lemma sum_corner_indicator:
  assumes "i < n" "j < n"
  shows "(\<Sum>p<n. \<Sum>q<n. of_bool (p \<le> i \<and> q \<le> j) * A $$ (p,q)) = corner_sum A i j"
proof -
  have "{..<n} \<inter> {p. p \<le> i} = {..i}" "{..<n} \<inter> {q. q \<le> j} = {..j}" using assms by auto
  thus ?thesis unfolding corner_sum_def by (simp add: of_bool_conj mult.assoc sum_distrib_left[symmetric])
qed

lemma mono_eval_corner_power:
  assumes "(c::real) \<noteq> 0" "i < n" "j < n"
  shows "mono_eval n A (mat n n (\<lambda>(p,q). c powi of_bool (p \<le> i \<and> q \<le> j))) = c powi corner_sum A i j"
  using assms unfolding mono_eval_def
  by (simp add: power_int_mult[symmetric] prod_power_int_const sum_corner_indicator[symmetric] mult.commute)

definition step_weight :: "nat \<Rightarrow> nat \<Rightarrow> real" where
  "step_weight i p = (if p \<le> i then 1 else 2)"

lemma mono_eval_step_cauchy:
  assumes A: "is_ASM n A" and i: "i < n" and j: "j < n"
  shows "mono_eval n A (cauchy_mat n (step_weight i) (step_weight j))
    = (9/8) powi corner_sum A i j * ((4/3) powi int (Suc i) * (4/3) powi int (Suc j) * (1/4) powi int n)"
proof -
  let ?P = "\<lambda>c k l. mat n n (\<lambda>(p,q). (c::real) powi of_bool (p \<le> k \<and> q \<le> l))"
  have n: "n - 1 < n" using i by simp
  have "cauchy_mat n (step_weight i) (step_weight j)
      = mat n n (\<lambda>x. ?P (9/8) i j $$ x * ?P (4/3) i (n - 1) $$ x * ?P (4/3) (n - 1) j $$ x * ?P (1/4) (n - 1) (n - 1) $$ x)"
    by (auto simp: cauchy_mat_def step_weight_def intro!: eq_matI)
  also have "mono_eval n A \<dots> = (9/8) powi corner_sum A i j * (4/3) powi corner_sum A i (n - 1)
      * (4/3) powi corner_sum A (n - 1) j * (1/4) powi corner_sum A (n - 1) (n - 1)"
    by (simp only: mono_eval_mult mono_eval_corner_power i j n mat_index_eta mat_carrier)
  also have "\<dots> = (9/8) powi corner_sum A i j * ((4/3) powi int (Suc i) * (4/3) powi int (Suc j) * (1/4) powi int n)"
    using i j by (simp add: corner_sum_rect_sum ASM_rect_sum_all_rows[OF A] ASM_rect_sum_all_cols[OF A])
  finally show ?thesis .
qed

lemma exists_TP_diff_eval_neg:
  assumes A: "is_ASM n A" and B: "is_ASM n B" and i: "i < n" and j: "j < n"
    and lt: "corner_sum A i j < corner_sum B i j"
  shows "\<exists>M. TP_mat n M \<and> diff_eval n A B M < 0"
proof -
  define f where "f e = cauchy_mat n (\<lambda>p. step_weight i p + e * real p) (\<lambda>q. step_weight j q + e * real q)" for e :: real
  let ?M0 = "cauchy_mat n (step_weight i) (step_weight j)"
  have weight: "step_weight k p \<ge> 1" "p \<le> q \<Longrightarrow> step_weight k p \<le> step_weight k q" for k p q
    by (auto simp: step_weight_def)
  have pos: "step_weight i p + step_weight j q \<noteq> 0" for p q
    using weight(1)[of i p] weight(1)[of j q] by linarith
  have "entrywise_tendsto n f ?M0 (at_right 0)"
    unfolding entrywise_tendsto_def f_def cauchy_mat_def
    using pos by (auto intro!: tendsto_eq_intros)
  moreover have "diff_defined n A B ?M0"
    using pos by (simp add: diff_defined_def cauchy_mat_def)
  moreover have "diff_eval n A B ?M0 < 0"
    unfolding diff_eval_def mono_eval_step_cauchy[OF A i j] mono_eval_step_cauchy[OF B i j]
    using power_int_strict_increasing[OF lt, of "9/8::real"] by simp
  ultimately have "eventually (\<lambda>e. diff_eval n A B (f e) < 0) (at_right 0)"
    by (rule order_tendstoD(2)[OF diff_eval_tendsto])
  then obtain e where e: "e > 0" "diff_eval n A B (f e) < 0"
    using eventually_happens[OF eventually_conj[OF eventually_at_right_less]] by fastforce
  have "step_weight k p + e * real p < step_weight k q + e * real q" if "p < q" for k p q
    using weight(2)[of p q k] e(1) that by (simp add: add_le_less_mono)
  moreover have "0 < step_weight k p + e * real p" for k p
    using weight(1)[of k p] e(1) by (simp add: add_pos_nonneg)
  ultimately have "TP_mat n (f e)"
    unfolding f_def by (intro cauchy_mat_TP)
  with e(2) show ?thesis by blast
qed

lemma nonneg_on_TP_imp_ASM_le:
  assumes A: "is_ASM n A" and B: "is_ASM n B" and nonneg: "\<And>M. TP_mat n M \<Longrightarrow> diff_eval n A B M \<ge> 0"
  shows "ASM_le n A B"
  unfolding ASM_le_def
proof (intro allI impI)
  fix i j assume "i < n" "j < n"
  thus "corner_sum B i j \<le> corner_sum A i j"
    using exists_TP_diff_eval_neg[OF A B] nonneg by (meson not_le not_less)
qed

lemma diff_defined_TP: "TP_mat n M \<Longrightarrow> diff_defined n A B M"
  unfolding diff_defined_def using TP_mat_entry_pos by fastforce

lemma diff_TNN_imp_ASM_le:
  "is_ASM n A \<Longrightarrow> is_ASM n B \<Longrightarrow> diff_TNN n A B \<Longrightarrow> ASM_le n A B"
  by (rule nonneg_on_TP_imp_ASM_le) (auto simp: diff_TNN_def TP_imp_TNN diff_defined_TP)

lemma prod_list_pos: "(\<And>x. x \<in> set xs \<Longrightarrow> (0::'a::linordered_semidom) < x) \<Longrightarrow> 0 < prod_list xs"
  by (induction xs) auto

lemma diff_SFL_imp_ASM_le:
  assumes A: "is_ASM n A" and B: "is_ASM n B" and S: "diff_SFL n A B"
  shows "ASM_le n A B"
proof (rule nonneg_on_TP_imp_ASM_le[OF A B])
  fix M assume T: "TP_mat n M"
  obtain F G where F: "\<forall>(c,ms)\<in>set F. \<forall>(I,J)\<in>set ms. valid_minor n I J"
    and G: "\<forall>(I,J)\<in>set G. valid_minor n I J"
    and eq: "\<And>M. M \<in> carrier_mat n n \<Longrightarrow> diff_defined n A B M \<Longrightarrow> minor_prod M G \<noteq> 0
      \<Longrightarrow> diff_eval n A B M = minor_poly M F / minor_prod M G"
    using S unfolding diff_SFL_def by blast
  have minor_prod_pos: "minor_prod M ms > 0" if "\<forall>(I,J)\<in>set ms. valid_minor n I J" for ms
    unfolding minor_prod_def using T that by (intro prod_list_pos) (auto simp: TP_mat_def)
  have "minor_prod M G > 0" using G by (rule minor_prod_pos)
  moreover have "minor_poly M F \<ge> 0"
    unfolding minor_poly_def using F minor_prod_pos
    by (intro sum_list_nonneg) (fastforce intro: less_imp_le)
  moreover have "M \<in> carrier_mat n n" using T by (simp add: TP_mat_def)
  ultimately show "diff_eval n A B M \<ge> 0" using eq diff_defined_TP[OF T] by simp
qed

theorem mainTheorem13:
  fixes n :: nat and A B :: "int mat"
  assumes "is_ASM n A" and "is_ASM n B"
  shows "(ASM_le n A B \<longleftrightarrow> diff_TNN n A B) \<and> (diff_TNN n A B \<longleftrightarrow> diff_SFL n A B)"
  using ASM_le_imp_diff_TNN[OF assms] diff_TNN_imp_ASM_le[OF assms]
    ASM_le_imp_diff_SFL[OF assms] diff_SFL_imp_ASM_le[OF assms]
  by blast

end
______________________________
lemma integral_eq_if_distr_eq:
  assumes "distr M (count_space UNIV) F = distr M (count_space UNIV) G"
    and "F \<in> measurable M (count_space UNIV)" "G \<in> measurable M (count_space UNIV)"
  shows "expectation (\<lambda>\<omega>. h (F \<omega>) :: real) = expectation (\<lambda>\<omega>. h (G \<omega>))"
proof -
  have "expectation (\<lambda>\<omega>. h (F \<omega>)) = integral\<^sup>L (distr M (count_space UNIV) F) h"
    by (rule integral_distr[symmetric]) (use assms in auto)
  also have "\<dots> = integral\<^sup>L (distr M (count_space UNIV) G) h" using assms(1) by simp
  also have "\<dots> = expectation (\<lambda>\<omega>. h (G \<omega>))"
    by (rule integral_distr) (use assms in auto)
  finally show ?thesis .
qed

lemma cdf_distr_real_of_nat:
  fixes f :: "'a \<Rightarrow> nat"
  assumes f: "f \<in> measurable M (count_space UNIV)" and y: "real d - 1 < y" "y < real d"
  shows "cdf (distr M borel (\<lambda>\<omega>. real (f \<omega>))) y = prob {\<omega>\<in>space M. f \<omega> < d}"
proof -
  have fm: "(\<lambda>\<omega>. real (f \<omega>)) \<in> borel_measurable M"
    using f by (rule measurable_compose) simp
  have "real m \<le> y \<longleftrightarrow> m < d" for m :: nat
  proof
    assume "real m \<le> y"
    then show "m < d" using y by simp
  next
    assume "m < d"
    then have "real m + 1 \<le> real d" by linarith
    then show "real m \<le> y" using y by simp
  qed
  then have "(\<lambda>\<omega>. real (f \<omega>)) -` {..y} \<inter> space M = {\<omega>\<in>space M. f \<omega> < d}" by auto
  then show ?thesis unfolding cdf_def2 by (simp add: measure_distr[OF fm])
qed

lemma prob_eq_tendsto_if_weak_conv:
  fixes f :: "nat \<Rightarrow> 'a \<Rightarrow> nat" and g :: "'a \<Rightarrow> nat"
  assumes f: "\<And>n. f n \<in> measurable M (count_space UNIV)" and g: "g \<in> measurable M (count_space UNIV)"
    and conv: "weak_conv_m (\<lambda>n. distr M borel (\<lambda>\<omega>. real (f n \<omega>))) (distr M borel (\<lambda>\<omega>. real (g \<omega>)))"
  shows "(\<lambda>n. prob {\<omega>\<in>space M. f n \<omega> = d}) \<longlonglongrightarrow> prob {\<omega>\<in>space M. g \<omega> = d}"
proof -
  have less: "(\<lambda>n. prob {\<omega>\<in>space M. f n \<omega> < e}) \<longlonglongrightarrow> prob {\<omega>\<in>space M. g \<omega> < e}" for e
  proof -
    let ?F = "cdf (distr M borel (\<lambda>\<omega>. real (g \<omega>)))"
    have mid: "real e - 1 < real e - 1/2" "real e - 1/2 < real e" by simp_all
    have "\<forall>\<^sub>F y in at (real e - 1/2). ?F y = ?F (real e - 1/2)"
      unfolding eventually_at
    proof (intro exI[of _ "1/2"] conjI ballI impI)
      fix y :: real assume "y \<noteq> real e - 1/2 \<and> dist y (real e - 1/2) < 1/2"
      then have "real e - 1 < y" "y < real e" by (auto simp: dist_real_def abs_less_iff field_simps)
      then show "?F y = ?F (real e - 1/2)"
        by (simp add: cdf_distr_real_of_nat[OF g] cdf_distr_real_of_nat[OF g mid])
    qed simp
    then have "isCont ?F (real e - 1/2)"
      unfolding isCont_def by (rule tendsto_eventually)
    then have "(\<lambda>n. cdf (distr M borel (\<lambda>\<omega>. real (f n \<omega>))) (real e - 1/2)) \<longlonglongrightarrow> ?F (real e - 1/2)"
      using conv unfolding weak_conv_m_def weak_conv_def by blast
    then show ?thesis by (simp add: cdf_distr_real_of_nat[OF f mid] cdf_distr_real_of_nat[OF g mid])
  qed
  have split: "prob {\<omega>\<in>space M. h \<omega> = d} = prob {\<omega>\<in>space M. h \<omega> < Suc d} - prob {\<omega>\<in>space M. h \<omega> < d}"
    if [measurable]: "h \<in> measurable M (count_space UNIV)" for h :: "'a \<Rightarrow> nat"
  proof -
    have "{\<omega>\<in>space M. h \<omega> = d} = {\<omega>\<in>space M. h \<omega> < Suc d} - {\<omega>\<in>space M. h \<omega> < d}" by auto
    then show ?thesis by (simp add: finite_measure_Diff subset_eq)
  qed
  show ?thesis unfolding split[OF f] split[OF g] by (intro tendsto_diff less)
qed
______________________________
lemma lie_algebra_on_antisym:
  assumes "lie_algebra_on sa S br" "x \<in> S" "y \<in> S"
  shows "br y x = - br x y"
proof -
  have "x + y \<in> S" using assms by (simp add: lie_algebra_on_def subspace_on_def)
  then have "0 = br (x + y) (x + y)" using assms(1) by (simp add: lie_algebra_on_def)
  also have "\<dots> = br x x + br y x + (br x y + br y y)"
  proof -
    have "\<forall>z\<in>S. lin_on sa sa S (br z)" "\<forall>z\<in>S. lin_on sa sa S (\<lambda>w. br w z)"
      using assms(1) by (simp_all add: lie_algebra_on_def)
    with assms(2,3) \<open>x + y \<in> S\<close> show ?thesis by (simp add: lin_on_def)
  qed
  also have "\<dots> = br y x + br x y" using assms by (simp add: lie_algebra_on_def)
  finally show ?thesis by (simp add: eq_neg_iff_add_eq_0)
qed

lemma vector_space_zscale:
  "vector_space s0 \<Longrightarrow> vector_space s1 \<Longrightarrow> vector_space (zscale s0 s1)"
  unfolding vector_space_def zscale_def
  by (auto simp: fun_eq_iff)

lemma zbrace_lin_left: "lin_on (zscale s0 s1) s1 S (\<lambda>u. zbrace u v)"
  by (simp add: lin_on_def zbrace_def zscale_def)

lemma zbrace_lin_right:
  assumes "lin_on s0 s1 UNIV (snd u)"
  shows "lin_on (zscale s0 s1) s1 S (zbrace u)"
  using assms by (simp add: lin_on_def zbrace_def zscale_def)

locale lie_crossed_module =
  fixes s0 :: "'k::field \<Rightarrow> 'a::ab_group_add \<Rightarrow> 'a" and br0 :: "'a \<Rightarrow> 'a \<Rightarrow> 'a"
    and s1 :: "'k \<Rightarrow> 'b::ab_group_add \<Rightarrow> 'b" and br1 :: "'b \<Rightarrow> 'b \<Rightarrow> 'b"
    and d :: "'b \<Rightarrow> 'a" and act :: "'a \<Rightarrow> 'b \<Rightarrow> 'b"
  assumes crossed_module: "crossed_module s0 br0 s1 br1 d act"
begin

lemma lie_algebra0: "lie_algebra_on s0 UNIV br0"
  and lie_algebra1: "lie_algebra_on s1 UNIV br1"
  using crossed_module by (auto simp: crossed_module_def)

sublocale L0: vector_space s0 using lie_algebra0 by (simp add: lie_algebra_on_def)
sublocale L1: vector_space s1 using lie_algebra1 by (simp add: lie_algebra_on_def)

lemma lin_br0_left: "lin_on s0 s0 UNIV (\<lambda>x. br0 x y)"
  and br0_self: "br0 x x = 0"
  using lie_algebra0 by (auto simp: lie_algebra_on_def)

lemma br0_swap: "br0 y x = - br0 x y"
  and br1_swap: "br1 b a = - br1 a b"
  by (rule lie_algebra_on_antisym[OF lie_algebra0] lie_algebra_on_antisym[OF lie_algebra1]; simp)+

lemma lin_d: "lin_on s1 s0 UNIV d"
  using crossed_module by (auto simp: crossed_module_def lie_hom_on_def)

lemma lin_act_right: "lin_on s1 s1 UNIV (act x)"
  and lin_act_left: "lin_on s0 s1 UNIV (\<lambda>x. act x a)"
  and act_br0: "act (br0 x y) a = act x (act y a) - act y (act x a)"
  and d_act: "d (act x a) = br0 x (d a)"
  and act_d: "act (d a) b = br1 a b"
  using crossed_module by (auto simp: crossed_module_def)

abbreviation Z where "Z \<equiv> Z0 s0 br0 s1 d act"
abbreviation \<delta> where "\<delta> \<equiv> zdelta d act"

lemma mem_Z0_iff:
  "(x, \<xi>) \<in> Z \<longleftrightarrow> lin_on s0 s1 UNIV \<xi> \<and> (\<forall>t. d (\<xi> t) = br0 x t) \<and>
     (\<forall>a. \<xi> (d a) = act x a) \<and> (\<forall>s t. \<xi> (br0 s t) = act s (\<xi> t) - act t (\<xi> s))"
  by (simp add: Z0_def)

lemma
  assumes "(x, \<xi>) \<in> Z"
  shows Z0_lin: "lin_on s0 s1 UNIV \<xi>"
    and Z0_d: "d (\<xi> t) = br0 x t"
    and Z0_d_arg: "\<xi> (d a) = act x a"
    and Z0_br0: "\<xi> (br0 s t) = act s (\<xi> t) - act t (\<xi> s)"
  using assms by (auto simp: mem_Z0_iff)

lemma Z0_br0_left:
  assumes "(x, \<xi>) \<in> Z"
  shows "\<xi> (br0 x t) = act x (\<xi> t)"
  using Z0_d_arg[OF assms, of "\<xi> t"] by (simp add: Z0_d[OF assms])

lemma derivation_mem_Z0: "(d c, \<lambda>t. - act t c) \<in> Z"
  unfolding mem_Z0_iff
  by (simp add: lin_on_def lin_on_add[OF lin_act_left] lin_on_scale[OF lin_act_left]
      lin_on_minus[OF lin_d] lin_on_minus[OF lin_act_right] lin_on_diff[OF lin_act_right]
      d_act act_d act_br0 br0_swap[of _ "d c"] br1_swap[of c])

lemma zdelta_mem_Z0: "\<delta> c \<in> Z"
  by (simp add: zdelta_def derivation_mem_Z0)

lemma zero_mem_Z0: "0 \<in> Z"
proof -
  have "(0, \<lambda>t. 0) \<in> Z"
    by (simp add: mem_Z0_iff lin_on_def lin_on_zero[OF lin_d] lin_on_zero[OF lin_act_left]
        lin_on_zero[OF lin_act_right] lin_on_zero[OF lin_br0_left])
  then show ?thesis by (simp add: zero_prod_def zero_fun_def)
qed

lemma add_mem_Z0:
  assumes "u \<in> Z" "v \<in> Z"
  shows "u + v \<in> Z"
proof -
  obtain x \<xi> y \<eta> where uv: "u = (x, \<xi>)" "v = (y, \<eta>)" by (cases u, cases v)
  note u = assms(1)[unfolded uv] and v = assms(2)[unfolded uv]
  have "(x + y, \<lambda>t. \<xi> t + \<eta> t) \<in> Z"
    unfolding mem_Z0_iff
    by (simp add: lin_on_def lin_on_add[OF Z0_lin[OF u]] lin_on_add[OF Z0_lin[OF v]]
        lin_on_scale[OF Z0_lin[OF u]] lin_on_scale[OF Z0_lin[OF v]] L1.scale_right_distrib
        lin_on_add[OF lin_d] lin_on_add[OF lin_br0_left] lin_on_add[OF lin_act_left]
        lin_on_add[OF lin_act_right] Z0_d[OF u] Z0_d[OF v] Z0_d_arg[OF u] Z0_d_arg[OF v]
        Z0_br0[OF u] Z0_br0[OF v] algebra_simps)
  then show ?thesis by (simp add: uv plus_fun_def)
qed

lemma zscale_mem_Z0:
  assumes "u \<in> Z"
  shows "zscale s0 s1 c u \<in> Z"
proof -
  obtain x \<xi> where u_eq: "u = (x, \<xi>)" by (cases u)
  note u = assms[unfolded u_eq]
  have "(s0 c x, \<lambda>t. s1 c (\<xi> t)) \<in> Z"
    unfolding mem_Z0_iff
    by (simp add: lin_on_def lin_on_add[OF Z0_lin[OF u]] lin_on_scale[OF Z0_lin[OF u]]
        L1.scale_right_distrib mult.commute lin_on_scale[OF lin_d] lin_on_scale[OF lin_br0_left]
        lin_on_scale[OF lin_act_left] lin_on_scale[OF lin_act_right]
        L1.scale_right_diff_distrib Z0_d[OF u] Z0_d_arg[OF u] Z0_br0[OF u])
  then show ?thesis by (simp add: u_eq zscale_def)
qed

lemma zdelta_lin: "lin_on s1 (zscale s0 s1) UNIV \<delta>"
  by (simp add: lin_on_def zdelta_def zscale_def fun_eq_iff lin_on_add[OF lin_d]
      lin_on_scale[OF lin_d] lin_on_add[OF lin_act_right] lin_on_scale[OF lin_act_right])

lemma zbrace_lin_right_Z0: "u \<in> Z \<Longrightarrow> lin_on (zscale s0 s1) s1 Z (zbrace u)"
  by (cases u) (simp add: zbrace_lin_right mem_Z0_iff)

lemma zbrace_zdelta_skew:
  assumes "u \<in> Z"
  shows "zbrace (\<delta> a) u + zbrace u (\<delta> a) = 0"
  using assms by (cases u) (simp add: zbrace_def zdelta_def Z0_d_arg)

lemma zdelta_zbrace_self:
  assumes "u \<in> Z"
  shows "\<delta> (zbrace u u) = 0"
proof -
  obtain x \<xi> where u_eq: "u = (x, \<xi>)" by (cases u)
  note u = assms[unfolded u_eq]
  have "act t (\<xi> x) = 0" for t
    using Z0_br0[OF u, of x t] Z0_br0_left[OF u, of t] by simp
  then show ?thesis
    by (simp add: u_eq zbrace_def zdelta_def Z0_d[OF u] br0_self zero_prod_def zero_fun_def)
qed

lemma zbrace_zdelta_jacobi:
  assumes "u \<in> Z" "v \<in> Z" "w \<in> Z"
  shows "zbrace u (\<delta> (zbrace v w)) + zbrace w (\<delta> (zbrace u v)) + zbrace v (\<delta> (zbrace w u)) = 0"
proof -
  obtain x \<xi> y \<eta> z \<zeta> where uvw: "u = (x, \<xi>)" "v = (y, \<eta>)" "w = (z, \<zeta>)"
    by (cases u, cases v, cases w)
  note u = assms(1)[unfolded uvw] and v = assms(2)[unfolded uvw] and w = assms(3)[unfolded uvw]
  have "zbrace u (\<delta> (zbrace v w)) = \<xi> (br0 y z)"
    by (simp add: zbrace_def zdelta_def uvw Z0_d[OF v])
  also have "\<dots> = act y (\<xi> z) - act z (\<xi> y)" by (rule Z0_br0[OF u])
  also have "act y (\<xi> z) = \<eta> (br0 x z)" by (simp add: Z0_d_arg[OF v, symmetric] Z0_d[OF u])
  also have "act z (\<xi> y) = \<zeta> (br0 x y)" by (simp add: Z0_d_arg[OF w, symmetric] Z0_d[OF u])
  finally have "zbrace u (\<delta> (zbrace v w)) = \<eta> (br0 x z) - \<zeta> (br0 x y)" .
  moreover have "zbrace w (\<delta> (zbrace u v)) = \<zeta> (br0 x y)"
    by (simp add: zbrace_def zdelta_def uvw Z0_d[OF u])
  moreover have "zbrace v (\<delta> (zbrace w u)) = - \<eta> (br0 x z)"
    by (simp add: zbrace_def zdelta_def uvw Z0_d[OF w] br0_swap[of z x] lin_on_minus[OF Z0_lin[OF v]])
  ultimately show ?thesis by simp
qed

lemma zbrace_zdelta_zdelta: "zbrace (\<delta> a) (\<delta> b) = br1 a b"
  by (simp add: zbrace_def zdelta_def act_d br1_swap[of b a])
______________________________
### REQUIRED ACTION
Take each line of the material that contains the word "where" and list it.

### SOLUTION
definition step_weight :: "nat \<Rightarrow> nat \<Rightarrow> real" where
  define f where "f e = cauchy_mat n (\<lambda>p. step_weight i p + e * real p) (\<lambda>q. step_weight j q + e * real q)" for e :: real
  then obtain e where e: "e > 0" "diff_eval n A B (f e) < 0"
  obtain F G where F: "\<forall>(c,ms)\<in>set F. \<forall>(I,J)\<in>set ms. valid_minor n I J"
abbreviation Z where "Z \<equiv> Z0 s0 br0 s1 d act"
abbreviation \<delta> where "\<delta> \<equiv> zdelta d act"
  obtain x \<xi> y \<eta> where uv: "u = (x, \<xi>)" "v = (y, \<eta>)" by (cases u, cases v)
  obtain x \<xi> where u_eq: "u = (x, \<xi>)" by (cases u)
  obtain x \<xi> where u_eq: "u = (x, \<xi>)" by (cases u)
  obtain x \<xi> y \<eta> z \<zeta> where uvw: "u = (x, \<xi>)" "v = (y, \<eta>)" "w = (z, \<zeta>)"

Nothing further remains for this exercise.